I had paged my friend Bridget about the situation, partly to rant, but also knowing the only chance I had to get new keys was to go to Debbie's work, take her keys and make copies. Problem was, I was AN HOUR from her work. I called the office to let them know what was going on...gasps and laughter in the background...and it was strongly suggested that I don't accept the ride from the valet manager. After all, I don't know the guy, not to mention spending 2 hours in a car with someone I want to strangle probably isn't a good idea. Nobody I know can afford the bail.

Bridget came and we drove the hour to Debbie's work, got the keys made and bought 2 new remotes, for a total of $168. We went back down to the hospital and when we arrived, were told that the person who mistakenly drove off with my keys called. They will pick them up tonight (last night). I simply handed the manager the $168 bill. He called the main office in Hartford, I filled out an incident report, and finally left that fucking hospital. Needless to say, the valet guys are not getting my keys again.

Sunday, April 23, 2006

Jane Goodall

Wow, can it really be a month since I last posted? Bad blogger, bad blogger. I shall have to mend my delinquent ways.

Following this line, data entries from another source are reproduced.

(* Let $X$, $Z$ be topological vector spaces, $C\subseteq Z$ a nonempty closed convex cone with $C^-\neq\{0\}$, $f:X\to\mathcal{F}(Z,C)$ and $x_0\in X$. If there is $z_0\in Z$ with $(x_0,z_0)\in\operatorname{Int}(\operatorname{gr}f)$, then $f$ is lattice-bounded above on some neighborhood of $x_0$. If $\operatorname{Int}C\neq\emptyset$, then conversely, if $f$ is lattice-bounded above on some neighborhood of $x_0$, there is $z_0\in Z$ with $(x_0,z_0)\in\operatorname{Int}(\operatorname{gr}f)$.
   Context: $\mathcal{F}(Z,C)=\{A\subseteq Z\colon A=\operatorname{cl}(A+C)\}$ (empty set included); $C^-=\{z^*\in Z^*\colon z^*(z)\le0\ \forall z\in C\}$. $\operatorname{gr}f=\{(x,z)\in X\times Z\colon z\in f(x)\}$, with interior taken in the product topology. $f$ is lattice-bounded above on $M\subseteq X$ iff there is $a\in Z$ with $a\in f(x)$ for all $x\in M$. *)

theory Defs
  imports "HOL-Analysis.Analysis"
begin

text \<open>No separation axiom is assumed.\<close>
class topological_real_vector = real_vector + topological_space +
  assumes tvs_add_continuous:
    "\<And>x y::'a. ((\<lambda>(a, b). a + b) \<longlongrightarrow> x + y) (nhds x \<times>\<^sub>F nhds y)"
  and tvs_scaleR_continuous:
    "\<And>(c::real) (x::'a). ((\<lambda>(r, a). r *\<^sub>R a) \<longlongrightarrow> c *\<^sub>R x) (nhds c \<times>\<^sub>F nhds x)"

text \<open>The family F(Z,C) of sets A with A = cl(A + C) (empty set included).\<close>
definition upper_closed_sets :: "'z::topological_real_vector set \<Rightarrow> 'z set set" where
  "upper_closed_sets C = {A. A = closure {a + c | a c. a \<in> A \<and> c \<in> C}}"

definition topological_dual :: "('z::topological_real_vector \<Rightarrow> real) set" where
  "topological_dual = {g. linear g \<and> continuous_on UNIV g}"

definition neg_dual_cone :: "'z::topological_real_vector set \<Rightarrow> ('z \<Rightarrow> real) set" where
  "neg_dual_cone C = {g \<in> topological_dual. \<forall>z\<in>C. g z \<le> 0}"

definition graph_sv :: "('x \<Rightarrow> 'z set) \<Rightarrow> ('x \<times> 'z) set" where
  "graph_sv f = {(x, z). z \<in> f x}"

definition lattice_bounded_above_on :: "('x \<Rightarrow> 'z set) \<Rightarrow> 'x set \<Rightarrow> bool" where
  "lattice_bounded_above_on f M \<longleftrightarrow> (\<exists>a. \<forall>x\<in>M. a \<in> f x)"

end

theory Submission
  imports Defs
begin

text \<open>An open box \<open>A \<times> B\<close> around \<open>(x\<^sub>0, z\<^sub>0)\<close> inside the graph
  shows that \<open>z\<^sub>0\<close> lies in every \<open>f x\<close> with \<open>x \<in> A\<close>. Conversely, if \<open>a \<in> f x\<close> for all \<open>x\<close> in a
  neighbourhood \<open>U\<close> of \<open>x\<^sub>0\<close>, then \<open>f x \<supseteq> a + C\<close> because \<open>f x\<close> is stable under adding \<open>C\<close>;
  so for \<open>c \<in> int C\<close> the open box \<open>int U \<times> (a + int C)\<close> lies in the graph and contains
  \<open>(x\<^sub>0, a + c)\<close>.\<close>

lemma tvs_continuous_on_add_left:
  fixes a :: "'z::topological_real_vector"
  shows "continuous_on UNIV (\<lambda>b. a + b)"
  unfolding continuous_on_def
proof
  fix y :: 'z
  have "filterlim (\<lambda>b. (a, b)) (nhds a \<times>\<^sub>F nhds y) (nhds y)"
    by (rule filterlim_Pair[OF tendsto_const filterlim_ident])
  from filterlim_compose[OF tvs_add_continuous this]
  have "((\<lambda>b. a + b) \<longlongrightarrow> a + y) (nhds y)" by simp
  then show "((\<lambda>b. a + b) \<longlongrightarrow> a + y) (at y within UNIV)"
    by (rule tendsto_mono[OF at_within_le_nhds])
qed

lemma upper_closed_sets_add_cone:
  assumes "A \<in> upper_closed_sets C" and "a \<in> A" and "c \<in> C"
  shows "a + c \<in> A"
proof -
  have closed_eq: "A = closure {a + c | a c. a \<in> A \<and> c \<in> C}"
    using assms(1) unfolding upper_closed_sets_def by (rule CollectD)
  have "a + c \<in> {a + c | a c. a \<in> A \<and> c \<in> C}" using assms(2,3) by blast
  then have "a + c \<in> closure {a + c | a c. a \<in> A \<and> c \<in> C}"
    by (rule subsetD[OF closure_subset])
  also note closed_eq[symmetric]
  finally show ?thesis .
qed

lemma lattice_bounded_above_near_if_interior_graph:
  assumes "(x0, z0) \<in> interior (graph_sv f)"
  shows "\<exists>U. x0 \<in> interior U \<and> lattice_bounded_above_on f U"
proof -
  obtain A B where AB: "open A" "open B" "(x0, z0) \<in> A \<times> B"
    and box: "A \<times> B \<subseteq> interior (graph_sv f)"
    using open_prod_elim[OF open_interior assms] by metis
  have "\<forall>x\<in>A. z0 \<in> f x"
    using AB box interior_subset[of "graph_sv f"] by (auto simp: graph_sv_def)
  with AB show ?thesis
    by (intro exI[of _ A]) (auto simp: interior_open lattice_bounded_above_on_def)
qed

lemma interior_graph_if_lattice_bounded_above_near:
  fixes f :: "'x::topological_space \<Rightarrow> 'z::topological_real_vector set"
  assumes upper: "\<forall>x. f x \<in> upper_closed_sets C"
    and c: "c \<in> interior C"
    and U: "x0 \<in> interior U" and a: "\<forall>x\<in>U. a \<in> f x"
  shows "(x0, a + c) \<in> interior (graph_sv f)"
proof -
  define T where "T = (\<lambda>b. -a + b) -` interior C"
  have "open T"
    unfolding T_def by (rule open_vimage[OF open_interior tvs_continuous_on_add_left])
  moreover have "interior U \<times> T \<subseteq> graph_sv f"
  proof clarify
    fix x z assume "x \<in> interior U" "z \<in> T"
    then have "a \<in> f x" "-a + z \<in> C"
      using a interior_subset[of U] interior_subset[of C] by (auto simp: T_def)
    from upper_closed_sets_add_cone[OF spec[OF upper] this]
    show "(x, z) \<in> graph_sv f" by (simp add: graph_sv_def)
  qed
  ultimately have "interior U \<times> T \<subseteq> interior (graph_sv f)"
    by (intro interior_maximal open_Times open_interior)
  moreover have "(x0, a + c) \<in> interior U \<times> T" using U c by (simp add: T_def)
  ultimately show ?thesis by blast
qed

theorem mainTheorem11:
  fixes f :: "'x::topological_real_vector \<Rightarrow> 'z::topological_real_vector set"
    and C :: "'z set" and x0 :: 'x
  assumes "C \<noteq> {}" and "closed C" and "convex C" and "cone C"
    and "neg_dual_cone C \<noteq> {(\<lambda>_. 0)}"
    and "\<forall>x. f x \<in> upper_closed_sets C"
  shows "((\<exists>z0. (x0, z0) \<in> interior (graph_sv f)) \<longrightarrow>
            (\<exists>U. x0 \<in> interior U \<and> lattice_bounded_above_on f U))
       \<and> (interior C \<noteq> {} \<longrightarrow>
            (\<exists>U. x0 \<in> interior U \<and> lattice_bounded_above_on f U) \<longrightarrow>
            (\<exists>z0. (x0, z0) \<in> interior (graph_sv f)))"
proof (intro conjI impI)
  assume "\<exists>z0. (x0, z0) \<in> interior (graph_sv f)"
  then show "\<exists>U. x0 \<in> interior U \<and> lattice_bounded_above_on f U"
    using lattice_bounded_above_near_if_interior_graph by blast
next
  assume "interior C \<noteq> {}"
  then obtain c where "c \<in> interior C" by blast
  assume "\<exists>U. x0 \<in> interior U \<and> lattice_bounded_above_on f U"
  then obtain U a where "x0 \<in> interior U" "\<forall>x\<in>U. a \<in> f x"
    by (auto simp: lattice_bounded_above_on_def)
  with interior_graph_if_lattice_bounded_above_near[OF assms(6) \<open>c \<in> interior C\<close>]
  show "\<exists>z0. (x0, z0) \<in> interior (graph_sv f)" by blast
qed

end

I've spent the weekend, well, much of it anyway, with a group of university and high school students at the annual
Roots and Shoots University Summit. These kids are awesome! If you're ever jaded by the youth of this country and wonder what can become of the future, attend some of the Roots and Shoots events. They will most certainly brighten your day. The energy and enthusiasm these kids have when it comes to the environment, cultures, communities and how they all intertwine is really incredible. They get it. I mean they really get it.

I also love that, thanks to my dear friend (he's the one with the mic)
Rick Asselta, I'm involved with the program. I'm going to be writing a piece for their handbook on how to include people with disabilities in their meetings and events and I have already been approached by 3 people at the conference about traveling to their school to do some training and advisory work. I'm hoping this can be a launching pad for a second career doing access work, something I've been toying with for quite a while. I've been doing it on a volunteer basis for years, it's about time I earned some money.
Jane Goodall, as usual, came as well. She is an amazing woman and has such a peaceful, gentle spirit. Despite being hounded for autographs and pictures with her wherever she goes, she maintains her grace and dignity. I never understood people's need for autographs. Frankly, if it's not on a blank check, I don't have much use for someone's autograph. I'm more impressed with how a person lives their life, not how famous or rich they are. But I digress.

So, bottom line is that I had a wonderful time learning from and with the kids, meeting new people and seeing old friends. I only wish I could spend more time with Jane while she's here. Perhaps another time.

Thursday, March 23, 2006

Bubblicious

I love blowing bubbles, not the bubble gum kind, those are fun but sticky, but the soap and water, bottle-of-bubbles-with-the-magic-wand type. I especially love blowing them out the car window when I'm stuck in traffic. It helps alleviate my stress about the traffic, it probably helps the folks behind me do the same, it's environmentally safe and it's damn fun to boot. And hey, the worst that happens, if you spill it, you get clean all over you (thanks to my sister's sister-in-law for that quote). I've also decided that it's impossible to be angry when you're blowing bubbles.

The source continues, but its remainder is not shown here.